Descriptive statistics

Within the dataset, there were 220 women, of which 97 (44%) were White, 75 (34%) were Black, and 48 (22%) were of other ethnicities (i.e., Asian, Native Hawaiian/Pacific Islander, American Indian/Alaska Native, mixed, chose not to disclose their ethnicity, or did not know their race). All ethnic categories were self-described. Figure 1 displays the percentage of BV diagnosis based on Nugent scoring, including by ethnicity. 53% of the women had a positive BV diagnosis with Black women and women of Other ethnicities having a higher prevalence of BV compared to White women (Fig. 1). Upon conducting a chi-square test, we found that there is a significant association between ethnicity and BV outcome (p = 0.0001 < 0.05). In this work, we examine the impact of this association between ethnicity and BV outcome on machine learning performance for predicting BV outcomes across ethnic groups.

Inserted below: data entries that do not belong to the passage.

lemma lift_open_trace:
  assumes V: "openin (top_of_set (Nset (c0, U0))) V" and x: "x \<in> Nset (c0, U0)"
  shows "((c0, U0), x) \<in> lift_open V \<longleftrightarrow> x \<in> V"
proof
  assume "((c0, U0), x) \<in> lift_open V"
  then obtain K \<delta> where K: "K \<inter> Nset (c0, U0) \<subseteq> V" "\<delta> > 0" "controlled K \<delta> ((c0, U0), x)"
    unfolding lift_open_def by blast
  then have "x \<in> K" using x unfolding controlled_def by auto
  then show "x \<in> V" using K(1) x by blast
next
  assume "x \<in> V"
  then obtain \<epsilon> where \<epsilon>: "\<epsilon> > 0" "\<forall>x'\<in>Nset (c0, U0). dist x' x < \<epsilon> \<longrightarrow> x' \<in> V"
    using V unfolding openin_euclidean_subtopology_iff by blast
  have "controlled (cball x (\<epsilon> / 2)) (\<epsilon> / 2) ((c0, U0), x)"
    unfolding controlled_def fst_conv snd_conv
  proof (intro ballI impI)
    fix y x'' assume "y \<in> Nset (c0, U0)" "dist y x < \<epsilon> / 2"
      "x'' \<in> Nset (c0, U0)" "eqv ((c0, U0), y) ((c0, U0), x'')"
    then show "x'' \<in> cball x (\<epsilon> / 2)"
      using eqv_within_sheet[OF sheet] by (fastforce simp: dist_commute)
  qed
  moreover have "cball x (\<epsilon> / 2) \<inter> Nset (c0, U0) \<subseteq> V"
    using \<epsilon> by (auto simp: dist_commute)
  moreover have "((c0, U0), x) \<in> topspace (NQ A Q)"
    using sheet x topspace_NQ by auto
  ultimately show "((c0, U0), x) \<in> lift_open V"
    unfolding lift_open_def using \<epsilon>(1)
    by (intro CollectI conjI exI[of _ "cball x (\<epsilon> / 2)"] exI[of _ "\<epsilon> / 2"]) auto
qed


lemma sheet_map_open_traces:
  assumes V: "openin (top_of_set (Nset (c0, U0))) V"
  shows "\<exists>W. openin (QM A Q) W \<and>
           (\<lambda>x. qmap A Q ((c0, U0), x)) ` V = W \<inter> (\<lambda>x. qmap A Q ((c0, U0), x)) ` Nset (c0, U0)"
proof (intro exI conjI)
  let ?W = "qmap A Q ` lift_open V"
  have lift_top: "lift_open V \<subseteq> topspace (NQ A Q)" unfolding lift_open_def by blast
  have sheet_top: "((c0, U0), x) \<in> topspace (NQ A Q)" if "x \<in> Nset (c0, U0)" for x
    using sheet that topspace_NQ by auto
  show "openin (QM A Q) ?W"
    unfolding QM_def qmap_def
    using openin_quotient_image[OF lift_open_open] lift_open_saturated by blast
  have VN: "V \<subseteq> Nset (c0, U0)" using openin_subset[OF V] by simp
  show "(\<lambda>x. qmap A Q ((c0, U0), x)) ` V = ?W \<inter> (\<lambda>x. qmap A Q ((c0, U0), x)) ` Nset (c0, U0)"
  proof
    show "(\<lambda>x. qmap A Q ((c0, U0), x)) ` V \<subseteq> ?W \<inter> (\<lambda>x. qmap A Q ((c0, U0), x)) ` Nset (c0, U0)"
      using lift_open_trace[OF V] VN by blast
  next
    show "?W \<inter> (\<lambda>x. qmap A Q ((c0, U0), x)) ` Nset (c0, U0) \<subseteq> (\<lambda>x. qmap A Q ((c0, U0), x)) ` V"
    proof
      fix q assume "q \<in> ?W \<inter> (\<lambda>x. qmap A Q ((c0, U0), x)) ` Nset (c0, U0)"
      then obtain w x where w: "w \<in> lift_open V" and x: "x \<in> Nset (c0, U0)"
        and q: "q = qmap A Q w" "q = qmap A Q ((c0, U0), x)"
        by blast
      have "eqv w ((c0, U0), x)"
        using quotient_map_eq_iff[OF subsetD[OF lift_top w] sheet_top[OF x], of "ident A Q"] q
        unfolding qmap_def by simp
      then have "x \<in> V"
        using lift_open_saturated[OF w] lift_open_trace[OF V x] by blast
      then show "q \<in> (\<lambda>x. qmap A Q ((c0, U0), x)) ` V" using q(2) by blast
    qed
  qed
qed

theorem sheet_embedding:
  "homeomorphic_map (top_of_set (Nset (c0, U0)))
     (subtopology (QM A Q) ((\<lambda>x. qmap A Q ((c0, U0), x)) ` Nset (c0, U0)))
     (\<lambda>x. qmap A Q ((c0, U0), x))"
proof -
  have "continuous_map (top_of_set (Nset (c0, U0))) (NQ A Q) (\<lambda>x. ((c0, U0), x))"
    using continuous_map_component_injection[OF sheet, of "\<lambda>s. top_of_set (Nset s)"]
    unfolding NQ_def by simp
  then have "continuous_map (top_of_set (Nset (c0, U0))) (QM A Q) (\<lambda>x. qmap A Q ((c0, U0), x))"
    using continuous_map_compose[OF _ continuous_quotient_map]
    unfolding QM_def qmap_def o_def by blast
  moreover have "inj_on (\<lambda>x. qmap A Q ((c0, U0), x)) (Nset (c0, U0))"
    using sheet_map_inj[OF sheet] by (auto intro: inj_onI)
  ultimately show ?thesis
    using embedding_from_open_traces[of "top_of_set (Nset (c0, U0))"] sheet_map_open_traces
    by (metis topspace_euclidean_subtopology)
qed

end

theorem mainTheorem16:
  fixes A :: "('m::{t2_space, second_countable_topology}, 'e::euclidean_space) chart set"
    and Q :: "(('m, 'e) chart \<times> 'e set) set"
    and s :: "('m, 'e) chart \<times> 'e set"
  assumes "maximal_smooth_atlas A"
    and "Q \<subseteq> EXT A"
    and "s \<in> SQ A Q"
  shows "homeomorphic_map (top_of_set (Nset s))
           (subtopology (QM A Q) ((\<lambda>x. qmap A Q (s, x)) ` Nset s))
           (\<lambda>x. qmap A Q (s, x))"
proof -
  obtain c0 U0 where s: "s = (c0, U0)" by (cases s)
  have "completion_sheet A Q c0 U0"
    using assms unfolding s maximal_smooth_atlas_def
    by unfold_locales auto
  then show ?thesis unfolding s by (rule completion_sheet.sheet_embedding)
qed

end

Fig. 1: Descriptive statistics of the dataset used in terms of BV diagnosis for all subjects and subjects by ethnicity.
figure 1

BV diagnosis was based on Nugent score. Patients with a Nugent score of 7 or above are diagnosed as BV positive; patients with a Nugent score below 7 are diagnosed as BV negative.

Figure 2a displays a two-dimensional t-distributed stochastic neighbor embedding (t-SNE) projection of the operational taxonomic unit (OTU) variables mapped to BV diagnosis based on Nugent scoring. From examining the t-SNE projection, most of the data is separable by BV diagnosis. However, some samples are not well-separated in the t-SNE project, potentiating challenges in diagnosis using AI/ML models. To further explore the impact of dominant bacterial species on BV diagnosis, a t-SNE projection mapped to community state type (CST) classification is shown (Fig. 2b). The plot separates well by CST, with the majority of CST I in the BV negative cluster, and the majority of CST IV in the BV positive cluster. The cluster of mixed BV diagnosis is heavily comprised of CST III, indicating an L. iners dominant microbiome for mixed diagnosis.

Fig. 2: Visualization of sequencing data in two-dimensional space.
figure 2

t-SNE plot of 16S rRNA bacterial variables by (a) BV diagnosis based on Nugent scoring and by (b) community state type.

Figure 3 displays the percentage and count of women in each CST across ethnicity. CST IV is the predominant CST for Black (56%) and Other (50%) women. CST III, which is L. iners dominated, is the second most common state type for women in these two groups (34.7% of Black women and 25% of Other women). CST I, the L. crispatus dominated microbiome, is the third most common CST among Black women (8%) and women labeled as Other (22.9%). In contrast, CST III is the most common state type among White women (39.2%) in this cohort, followed by CST IV (33%) and CST I (26.8%). All three ethnic groups had only one patient with CST V (L. jensenii dominated). Neither group had patients categorized as CST II (L. gasseri dominated).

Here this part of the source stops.